→ Task material:
text \<open>
  Output always equals factor income \<open>w + r \<mu>\<close> plus the profits of the active firms. At prices
  where no firm type is profitable, any feasible allocation therefore produces at most
  \<open>w + r \<mu>\<close>, and an equilibrium, where active types earn zero profit, attains this bound.
  Existence is shown region by region: in each case of the proposition the stated prices make
  the active firm types break even and leave all others unprofitable. In case (b) the prices
  are the solution of the two zero-profit conditions of \<open>b\<close> and \<open>t\<close> firms, and the mixing
  share of \<open>b\<close> firms is chosen to employ exactly \<open>\<mu>\<close> machines, which is possible because
  \<open>1 / n(h) \<le> \<mu> < n(m)\<close>.
\<close>

lemma integral_pos_cbox:
  fixes f :: "'a::euclidean_space \<Rightarrow> real"
  assumes f: "f integrable_on cbox a b" and pos: "\<And>x. x \<in> cbox a b \<Longrightarrow> f x > 0"
    and box: "box a b \<noteq> {}"
  shows "integral (cbox a b) f > 0"
proof -
  let ?M = "lebesgue_on (cbox a b)"
  have "f absolutely_integrable_on cbox a b"
    using f pos by (intro nonnegative_absolutely_integrable_1) (auto intro: less_imp_le)
  then have Mf: "integrable ?M f"
    by (rule absolutely_integrable_imp_integrable) auto
  have lebesgue_eq: "integral\<^sup>L ?M f = integral (cbox a b) f"
    by (rule lebesgue_integral_eq_integral[OF Mf]) auto
  have "integral (cbox a b) f \<noteq> 0"
  proof
    assume "integral (cbox a b) f = 0"
    moreover have "AE x in ?M. 0 \<le> f x"
      using pos by (intro AE_I2) (auto simp: space_restrict_space intro: less_imp_le)
    ultimately have "AE x in ?M. f x = 0"
      using integral_nonneg_eq_0_iff_AE[OF Mf] lebesgue_eq by simp
    then have "AE x in ?M. False"
      by (rule AE_mp) (use pos in \<open>fastforce intro!: AE_I2 simp: space_restrict_space\<close>)
    then have "emeasure ?M (space ?M) = 0"
      using ae_filter_eq_bot_iff trivial_limit_def by metis
    moreover have "emeasure ?M (space ?M) = emeasure lebesgue (cbox a b)"
      by (subst emeasure_restrict_space) (auto simp: space_restrict_space)
    moreover have "emeasure lebesgue (cbox a b) > 0"
      using box by (auto simp: emeasure_lborel_cbox_eq box_ne_empty inner_diff_left intro!: prod_pos)
    ultimately show False by simp
  qed
  moreover have "integral (cbox a b) f \<ge> 0"
    using pos by (intro integral_nonneg[OF f]) (auto intro: less_imp_le)
  ultimately show ?thesis by simp
qed

lemma cbox_origin_subset_unitsq: "x \<in> unitsq \<Longrightarrow> cbox (0, 0) x \<subseteq> unitsq"
  by (cases x) (auto simp: unitsq_def cbox_Pair_eq)

lemma cdf_bounds:
  fixes f F :: "real \<times> real \<Rightarrow> real"
  assumes f_int: "f integrable_on unitsq" and f_nonneg: "\<And>x. x \<in> unitsq \<Longrightarrow> 0 \<le> f x"
    and f_mass: "integral unitsq f = 1"
    and F_def: "\<And>x. x \<in> unitsq \<Longrightarrow> F x = integral (cbox (0, 0) x) f"
    and x: "x \<in> unitsq"
  shows "0 \<le> F x" and "F x \<le> 1"
proof -
  have sub: "cbox (0, 0) x \<subseteq> unitsq"
    using cbox_origin_subset_unitsq[OF x] .
  have f_x: "f integrable_on cbox (0, 0) x"
    using integrable_on_subcbox[OF f_int sub] .
  show "0 \<le> F x"
    using integral_nonneg[OF f_x] sub f_nonneg F_def[OF x] by (metis subsetD)
  show "F x \<le> 1"
    using integral_subset_le[OF sub f_x f_int] f_nonneg f_mass F_def[OF x] by simp
qed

→ Exercise description: The answer is the lines above between the line holding "are the solution" and the line holding "using pos by (intro integral_nonneg[OF", inclusive, each written out exactly, and no others.

→ Problem solution:
  are the solution of the two zero-profit conditions of \<open>b\<close> and \<open>t\<close> firms, and the mixing
  share of \<open>b\<close> firms is chosen to employ exactly \<open>\<mu>\<close> machines, which is possible because
  \<open>1 / n(h) \<le> \<mu> < n(m)\<close>.
\<close>

lemma integral_pos_cbox:
  fixes f :: "'a::euclidean_space \<Rightarrow> real"
  assumes f: "f integrable_on cbox a b" and pos: "\<And>x. x \<in> cbox a b \<Longrightarrow> f x > 0"
    and box: "box a b \<noteq> {}"
  shows "integral (cbox a b) f > 0"
proof -
  let ?M = "lebesgue_on (cbox a b)"
  have "f absolutely_integrable_on cbox a b"
    using f pos by (intro nonnegative_absolutely_integrable_1) (auto intro: less_imp_le)
  then have Mf: "integrable ?M f"
    by (rule absolutely_integrable_imp_integrable) auto
  have lebesgue_eq: "integral\<^sup>L ?M f = integral (cbox a b) f"
    by (rule lebesgue_integral_eq_integral[OF Mf]) auto
  have "integral (cbox a b) f \<noteq> 0"
  proof
    assume "integral (cbox a b) f = 0"
    moreover have "AE x in ?M. 0 \<le> f x"
      using pos by (intro AE_I2) (auto simp: space_restrict_space intro: less_imp_le)
    ultimately have "AE x in ?M. f x = 0"
      using integral_nonneg_eq_0_iff_AE[OF Mf] lebesgue_eq by simp
    then have "AE x in ?M. False"
      by (rule AE_mp) (use pos in \<open>fastforce intro!: AE_I2 simp: space_restrict_space\<close>)
    then have "emeasure ?M (space ?M) = 0"
      using ae_filter_eq_bot_iff trivial_limit_def by metis
    moreover have "emeasure ?M (space ?M) = emeasure lebesgue (cbox a b)"
      by (subst emeasure_restrict_space) (auto simp: space_restrict_space)
    moreover have "emeasure lebesgue (cbox a b) > 0"
      using box by (auto simp: emeasure_lborel_cbox_eq box_ne_empty inner_diff_left intro!: prod_pos)
    ultimately show False by simp
  qed
  moreover have "integral (cbox a b) f \<ge> 0"
    using pos by (intro integral_nonneg[OF f]) (auto intro: less_imp_le)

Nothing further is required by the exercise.